** Exercise details **
Find where "(LEAST n::nat. n" appears in the records below, then return that line and every later line exactly, stopping only at the last line.

** Dataset excerpts **
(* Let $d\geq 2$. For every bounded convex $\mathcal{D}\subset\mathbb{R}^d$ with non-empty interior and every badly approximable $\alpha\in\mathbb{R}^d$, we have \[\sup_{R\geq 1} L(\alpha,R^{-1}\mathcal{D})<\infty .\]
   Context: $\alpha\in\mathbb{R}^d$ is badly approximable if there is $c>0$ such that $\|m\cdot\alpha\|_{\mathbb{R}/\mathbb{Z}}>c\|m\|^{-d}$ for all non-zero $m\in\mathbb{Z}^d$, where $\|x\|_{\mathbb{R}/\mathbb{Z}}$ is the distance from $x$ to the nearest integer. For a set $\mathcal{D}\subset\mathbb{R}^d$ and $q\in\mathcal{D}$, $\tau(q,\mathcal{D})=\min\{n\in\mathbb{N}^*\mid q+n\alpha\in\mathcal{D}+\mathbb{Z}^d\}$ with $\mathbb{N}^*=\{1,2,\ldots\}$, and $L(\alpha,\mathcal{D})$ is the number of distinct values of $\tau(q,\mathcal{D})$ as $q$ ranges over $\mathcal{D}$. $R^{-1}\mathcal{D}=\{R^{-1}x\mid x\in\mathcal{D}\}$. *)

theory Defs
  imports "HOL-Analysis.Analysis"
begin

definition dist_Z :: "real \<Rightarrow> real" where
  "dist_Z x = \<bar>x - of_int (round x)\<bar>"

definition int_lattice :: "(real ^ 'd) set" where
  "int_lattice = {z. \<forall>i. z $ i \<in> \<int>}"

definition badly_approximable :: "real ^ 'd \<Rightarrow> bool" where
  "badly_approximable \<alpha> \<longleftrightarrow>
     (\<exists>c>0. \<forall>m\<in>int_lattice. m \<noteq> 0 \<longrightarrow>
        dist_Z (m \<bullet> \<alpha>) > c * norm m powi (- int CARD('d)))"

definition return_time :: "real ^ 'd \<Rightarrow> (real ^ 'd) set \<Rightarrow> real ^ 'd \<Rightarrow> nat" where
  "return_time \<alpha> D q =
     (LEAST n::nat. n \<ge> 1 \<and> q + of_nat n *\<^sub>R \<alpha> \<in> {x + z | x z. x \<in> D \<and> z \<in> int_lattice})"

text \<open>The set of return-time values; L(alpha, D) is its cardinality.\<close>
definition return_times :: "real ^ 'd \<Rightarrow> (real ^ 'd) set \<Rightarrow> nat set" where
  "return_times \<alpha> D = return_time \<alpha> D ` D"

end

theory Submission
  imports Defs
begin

** Reply **
     (LEAST n::nat. n \<ge> 1 \<and> q + of_nat n *\<^sub>R \<alpha> \<in> {x + z | x z. x \<in> D \<and> z \<in> int_lattice})"

text \<open>The set of return-time values; L(alpha, D) is its cardinality.\<close>
definition return_times :: "real ^ 'd \<Rightarrow> (real ^ 'd) set \<Rightarrow> nat set" where
  "return_times \<alpha> D = return_time \<alpha> D ` D"

end

theory Submission
  imports Defs
begin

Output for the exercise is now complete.